Dataset entries
----------------
definition fq :: "real^'n^'n \<Rightarrow> real^'n \<Rightarrow> real^'n \<Rightarrow> real" where
  "fq A b x = (1/2) * (x \<bullet> (A *v x)) - b \<bullet> x"

definition grad :: "real^'n^'n \<Rightarrow> real^'n \<Rightarrow> real^'n \<Rightarrow> real^'n" where
  "grad A b x = A *v x - b"

definition l1norm :: "real^'n \<Rightarrow> real" where
  "l1norm x = (\<Sum>i\<in>UNIV. \<bar>x $ i\<bar>)"

definition Fobj :: "real^'n^'n \<Rightarrow> real^'n \<Rightarrow> real \<Rightarrow> real^'n \<Rightarrow> real" where
  "Fobj A b \<tau> x = fq A b x + \<tau> * l1norm x"

definition omega :: "real^'n^'n \<Rightarrow> real^'n \<Rightarrow> real \<Rightarrow> real^'n \<Rightarrow> real^'n" where
  "omega A b \<tau> x = (\<chi> i. let g = grad A b x $ i in
      if x $ i \<noteq> 0 then 0
      else if \<bar>g\<bar> \<le> \<tau> then 0
      else g - \<tau> * sgn g)"

definition psi :: "real^'n^'n \<Rightarrow> real^'n \<Rightarrow> real \<Rightarrow> real \<Rightarrow> real^'n \<Rightarrow> real^'n" where
  "psi A b \<tau> \<alpha> x = (\<chi> i. let g = grad A b x $ i in
      if x $ i \<noteq> 0 then
        (1/\<alpha>) * (x $ i - max (\<bar>x $ i - \<alpha> * g\<bar> - \<alpha> * \<tau>) 0 * sgn (x $ i - \<alpha> * g))
      else 0)"

end

theory Submission
  imports Defs
begin

text \<open>Write \<open>x\<^sup>+ = x - \<alpha>\<psi>\<close>. Coordinatewise, \<open>x\<^sup>+\<close> is a soft-thresholding
  (proximal) step on the support of \<open>x\<close> and stays at \<open>0\<close> off it, where \<open>\<omega>\<close> measures the
  violation of optimality. Combining the descent lemma for \<open>f\<close> (using \<open>\<alpha>L \<le> 1\<close>), strong convexity
  of \<open>f\<close> with modulus \<open>\<lambda>\<close> and the prox inequality gives, for every \<open>y\<close>,
  \<open>F(x\<^sup>+) \<le> F(y) + \<parallel>\<psi>+\<omega>\<parallel> \<parallel>x-y\<parallel> - \<alpha>/2 \<parallel>\<psi>\<parallel>\<^sup>2 - \<lambda>/2 \<parallel>x-y\<parallel>\<^sup>2\<close>.
  Since \<open>\<psi>\<close> and \<open>\<omega>\<close> have disjoint supports, the balance condition yields
  \<open>\<parallel>\<psi>+\<omega>\<parallel>\<^sup>2 \<le> 2\<parallel>\<psi>\<parallel>\<^sup>2\<close>. Taking \<open>y = x\<close> gives a decrease of \<open>\<alpha>/2 \<parallel>\<psi>\<parallel>\<^sup>2\<close>; taking \<open>y = x\<^sup>*\<close> and
  maximising over \<open>\<parallel>x-x\<^sup>*\<parallel>\<close> gives \<open>F(x\<^sup>+) - F(x\<^sup>*) \<le> \<parallel>\<psi>\<parallel>\<^sup>2/\<lambda> - \<alpha>/2 \<parallel>\<psi>\<parallel>\<^sup>2\<close>. According as
  \<open>\<parallel>\<psi>\<parallel>\<^sup>2\<close> is above or below \<open>\<lambda>(F(x) - F(x\<^sup>*))\<close>, one of the two bounds yields the rate.\<close>

lemma inner_sym_matrix_commute:
  fixes A :: "real^'n^'n"
  assumes "transpose A = A"
  shows "x \<bullet> (A *v y) = y \<bullet> (A *v x)"
proof -
  have "x \<bullet> (A *v y) = (x v* A) \<bullet> y" by (simp add: dot_lmul_matrix)
  also have "x v* A = transpose A *v x" by simp
  also have "\<dots> = A *v x" using assms by simp
  finally show ?thesis by (simp add: inner_commute)
qed

section \<open>Rayleigh quotient bounds\<close>

lemma rayleigh_maximizer_is_eigenvector:
  fixes A :: "real^'n^'n"
  assumes symA: "transpose A = A"
    and bound: "\<And>x. x \<bullet> (A *v x) \<le> M * (x \<bullet> x)"
    and attained: "v \<bullet> (A *v v) = M * (v \<bullet> v)"
  shows "A *v v = M *\<^sub>R v"
proof -
  define h where "h x = M * (x \<bullet> x) - x \<bullet> (A *v x)" for x
  have h_nonneg: "h x \<ge> 0" for x using bound[of x] by (simp add: h_def)
  define w where "w = M *\<^sub>R v - A *v v"
  have expand: "h (v + t *\<^sub>R w) = 2 * t * (w \<bullet> w) + t\<^sup>2 * h w" for t
  proof -
    have "w \<bullet> (A *v v) = v \<bullet> (A *v w)" by (rule inner_sym_matrix_commute[OF symA])
    then show ?thesis
      unfolding h_def w_def using attained inner_commute[of "A *v v" v]
      by (simp add: algebra_simps inner_add_left inner_add_right inner_diff_left inner_diff_right
           matrix_vector_right_distrib matrix_vector_mult_scaleR power2_eq_square)
  qed
  have "w = 0"
  proof (rule ccontr)
    assume "w \<noteq> 0"
    then have ww: "w \<bullet> w > 0" by simp
    \<comment> \<open>a small step from \<open>v\<close> against \<open>w\<close> makes \<open>h\<close> negative\<close>
    define t where "t = - (w \<bullet> w) / (h w + 1)"
    have t_neg: "t < 0" using ww h_nonneg[of w] by (simp add: t_def divide_neg_pos)
    have "t * h w > - (w \<bullet> w)" using ww h_nonneg[of w] by (simp add: t_def field_simps)
    then have "2 * (w \<bullet> w) + t * h w > 0" using ww by linarith
    then have "t * (2 * (w \<bullet> w) + t * h w) < 0" using ww t_neg by (simp add: mult_neg_pos)
    then have "h (v + t *\<^sub>R w) < 0" by (simp add: expand algebra_simps power2_eq_square)
    then show False using h_nonneg by (metis not_le)
  qed
  then show ?thesis by (simp add: w_def)
qed

lemma sym_matrix_max_eigenvalue_bound:
  fixes A :: "real^'n^'n"
  assumes symA: "transpose A = A"
  shows "\<exists>\<mu>\<in>eigenvalues_of A. \<forall>x. x \<bullet> (A *v x) \<le> \<mu> * (x \<bullet> x)"
proof -
  define q where "q x = x \<bullet> (A *v x)" for x :: "real^'n"
  have "continuous_on (sphere 0 1) q"
    unfolding q_def by (intro continuous_intros linear_continuous_on matrix_vector_mul_linear)
  moreover have "sphere (0::real^'n) 1 \<noteq> {}"
    using norm_axis_1[of undefined] by (metis mem_sphere_0 empty_iff)
  ultimately obtain v where v: "v \<in> sphere 0 1" and v_max: "\<And>x. x \<in> sphere 0 1 \<Longrightarrow> q x \<le> q v"
    using continuous_attains_sup[OF compact_sphere] by blast
  have bound: "q x \<le> q v * (x \<bullet> x)" for x
  proof (cases "x = 0")
    case True
    then show ?thesis by (simp add: q_def)
  next
    case False
    have "q ((1 / norm x) *\<^sub>R x) \<le> q v" using False by (simp add: v_max)
    moreover have "q ((1 / norm x) *\<^sub>R x) = q x / (norm x)\<^sup>2"
      by (simp add: q_def matrix_vector_mult_scaleR power2_eq_square)
    ultimately show ?thesis
      using False by (simp add: dot_square_norm divide_le_eq mult.commute)
  qed
  have "v \<bullet> v = 1" using v by (simp add: dot_square_norm)
  then have "A *v v = q v *\<^sub>R v"
    using bound by (intro rayleigh_maximizer_is_eigenvector[OF symA]) (auto simp: q_def)
  moreover have "v \<noteq> 0" using v by auto
  ultimately have "q v \<in> eigenvalues_of A" by (auto simp: eigenvalues_of_def)
  with bound show ?thesis unfolding q_def by blast
qed

lemma sym_matrix_min_eigenvalue_bound:
  fixes A :: "real^'n^'n"
  assumes symA: "transpose A = A"
  shows "\<exists>\<mu>\<in>eigenvalues_of A. \<forall>x. \<mu> * (x \<bullet> x) \<le> x \<bullet> (A *v x)"
proof -
  have neg: "(-A) *v x = - (A *v x)" for x :: "real^'n"
    by (simp add: matrix_vector_mult_def vec_eq_iff sum_negf)
  have "transpose (-A) = -A"
    using symA by (simp add: vec_eq_iff transpose_def)
  then obtain \<mu> where "\<mu> \<in> eigenvalues_of (-A)" and bound: "\<forall>x. x \<bullet> ((-A) *v x) \<le> \<mu> * (x \<bullet> x)"
    using sym_matrix_max_eigenvalue_bound by blast
  then obtain v where "v \<noteq> 0" "(-A) *v v = \<mu> *\<^sub>R v" by (auto simp: eigenvalues_of_def)
  then have "A *v v = (-\<mu>) *\<^sub>R v" "v \<noteq> 0" by (metis neg minus_minus scaleR_minus_left)+
  then have "-\<mu> \<in> eigenvalues_of A" by (auto simp: eigenvalues_of_def)
  moreover have "(-\<mu>) * (x \<bullet> x) \<le> x \<bullet> (A *v x)" for x
    using bound[rule_format, of x] by (simp add: neg inner_minus_right)
  ultimately show ?thesis by blast
qed

lemma quadratic_form_le_max_eigenvalue:
  fixes A :: "real^'n^'n"
  assumes "transpose A = A" and "\<forall>\<mu>\<in>eigenvalues_of A. \<mu> \<le> L"
  shows "x \<bullet> (A *v x) \<le> L * (x \<bullet> x)"
proof -
  obtain \<mu> where "\<mu> \<in> eigenvalues_of A" "x \<bullet> (A *v x) \<le> \<mu> * (x \<bullet> x)"
    using sym_matrix_max_eigenvalue_bound[OF assms(1)] by blast
  moreover have "\<mu> * (x \<bullet> x) \<le> L * (x \<bullet> x)"
    using calculation(1) assms(2) by (simp add: mult_right_mono)
  ultimately show ?thesis by linarith
qed

lemma quadratic_form_ge_min_eigenvalue:
  fixes A :: "real^'n^'n"
  assumes "transpose A = A" and "\<forall>\<mu>\<in>eigenvalues_of A. lam \<le> \<mu>"
  shows "lam * (x \<bullet> x) \<le> x \<bullet> (A *v x)"
proof -
  obtain \<mu> where "\<mu> \<in> eigenvalues_of A" "\<mu> * (x \<bullet> x) \<le> x \<bullet> (A *v x)"
    using sym_matrix_min_eigenvalue_bound[OF assms(1)] by blast
  moreover have "lam * (x \<bullet> x) \<le> \<mu> * (x \<bullet> x)"
    using calculation(1) assms(2) by (simp add: mult_right_mono)
  ultimately show ?thesis by linarith
qed

lemma fq_add:
  fixes A :: "real^'n^'n"
  assumes symA: "transpose A = A"
  shows "fq A b (x + d) = fq A b x + grad A b x \<bullet> d + (1/2) * (d \<bullet> (A *v d))"
proof -
  have "x \<bullet> (A *v d) = d \<bullet> (A *v x)" by (rule inner_sym_matrix_commute[OF symA])
  then show ?thesis unfolding fq_def grad_def
    using inner_commute[of d "A *v x"]
    by (simp add: algebra_simps inner_add_left inner_add_right inner_diff_left)
qed

lemma fq_descent:
  fixes A :: "real^'n^'n"
  assumes "transpose A = A" and "\<forall>\<mu>\<in>eigenvalues_of A. \<mu> \<le> L"
  shows "fq A b (x + d) \<le> fq A b x + grad A b x \<bullet> d + L / 2 * (norm d)\<^sup>2"
proof -
  have "d \<bullet> (A *v d) \<le> L * (norm d)\<^sup>2"
    using quadratic_form_le_max_eigenvalue[OF assms, of d] by (simp add: power2_norm_eq_inner)
  then show ?thesis using fq_add[OF assms(1), of b x d] by linarith
qed

lemma fq_strongly_convex:
  fixes A :: "real^'n^'n"
  assumes "transpose A = A" and "\<forall>\<mu>\<in>eigenvalues_of A. lam \<le> \<mu>"
  shows "fq A b x + grad A b x \<bullet> (y - x) + lam / 2 * (norm (x - y))\<^sup>2 \<le> fq A b y"
proof -
  have "lam * (norm (x - y))\<^sup>2 \<le> (y - x) \<bullet> (A *v (y - x))"
    using quadratic_form_ge_min_eigenvalue[OF assms, of "y - x"]
    by (simp add: power2_norm_eq_inner norm_minus_commute[of x y])
  then show ?thesis using fq_add[OF assms(1), of b x "y - x"] by simp
qed

section \<open>One step of subspace ISTA\<close>

definition soft_threshold :: "real \<Rightarrow> real \<Rightarrow> real" where
  "soft_threshold t z = max (\<bar>z\<bar> - t) 0 * sgn z"

lemma soft_threshold_prox_ineq:
  assumes t: "t \<ge> 0"
  shows "t * \<bar>soft_threshold t z\<bar> + (z - soft_threshold t z) * (y - soft_threshold t z) \<le> t * \<bar>y\<bar>"
proof -
  consider "\<bar>z\<bar> \<le> t" | "z > t" | "z < - t" by linarith
  then show ?thesis
  proof cases
    case 1
    have "z * y \<le> \<bar>z\<bar> * \<bar>y\<bar>" using abs_ge_self[of "z * y"] by (simp add: abs_mult)
    also have "\<dots> \<le> t * \<bar>y\<bar>" using 1 by (simp add: mult_right_mono)
    finally show ?thesis using 1 by (simp add: soft_threshold_def)
  next
    case 2
    then have p: "soft_threshold t z = z - t" using t by (simp add: soft_threshold_def)
    have "t * \<bar>soft_threshold t z\<bar> + (z - soft_threshold t z) * (y - soft_threshold t z) = t * y"
      unfolding p using 2 by (simp add: algebra_simps)
    also have "\<dots> \<le> t * \<bar>y\<bar>" using t by (simp add: mult_left_mono)
    finally show ?thesis .
  next
    case 3
    then have p: "soft_threshold t z = z + t" using t by (simp add: soft_threshold_def)
    have "t * \<bar>soft_threshold t z\<bar> + (z - soft_threshold t z) * (y - soft_threshold t z) = t * (- y)"
      unfolding p using 3 by (simp add: algebra_simps)
    also have "\<dots> \<le> t * \<bar>y\<bar>" using t by (intro mult_left_mono) simp_all
    finally show ?thesis .
  qed
qed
----------------
Give back precisely the lines above that start at the line containing "add: t_def field_simps)" and end at the line containing "(sphere 0 1)", inclusive. No other lines belong in the output.

    have "t * h w > - (w \<bullet> w)" using ww h_nonneg[of w] by (simp add: t_def field_simps)
    then have "2 * (w \<bullet> w) + t * h w > 0" using ww by linarith
    then have "t * (2 * (w \<bullet> w) + t * h w) < 0" using ww t_neg by (simp add: mult_neg_pos)
    then have "h (v + t *\<^sub>R w) < 0" by (simp add: expand algebra_simps power2_eq_square)
    then show False using h_nonneg by (metis not_le)
  qed
  then show ?thesis by (simp add: w_def)
qed

lemma sym_matrix_max_eigenvalue_bound:
  fixes A :: "real^'n^'n"
  assumes symA: "transpose A = A"
  shows "\<exists>\<mu>\<in>eigenvalues_of A. \<forall>x. x \<bullet> (A *v x) \<le> \<mu> * (x \<bullet> x)"
proof -
  define q where "q x = x \<bullet> (A *v x)" for x :: "real^'n"
  have "continuous_on (sphere 0 1) q"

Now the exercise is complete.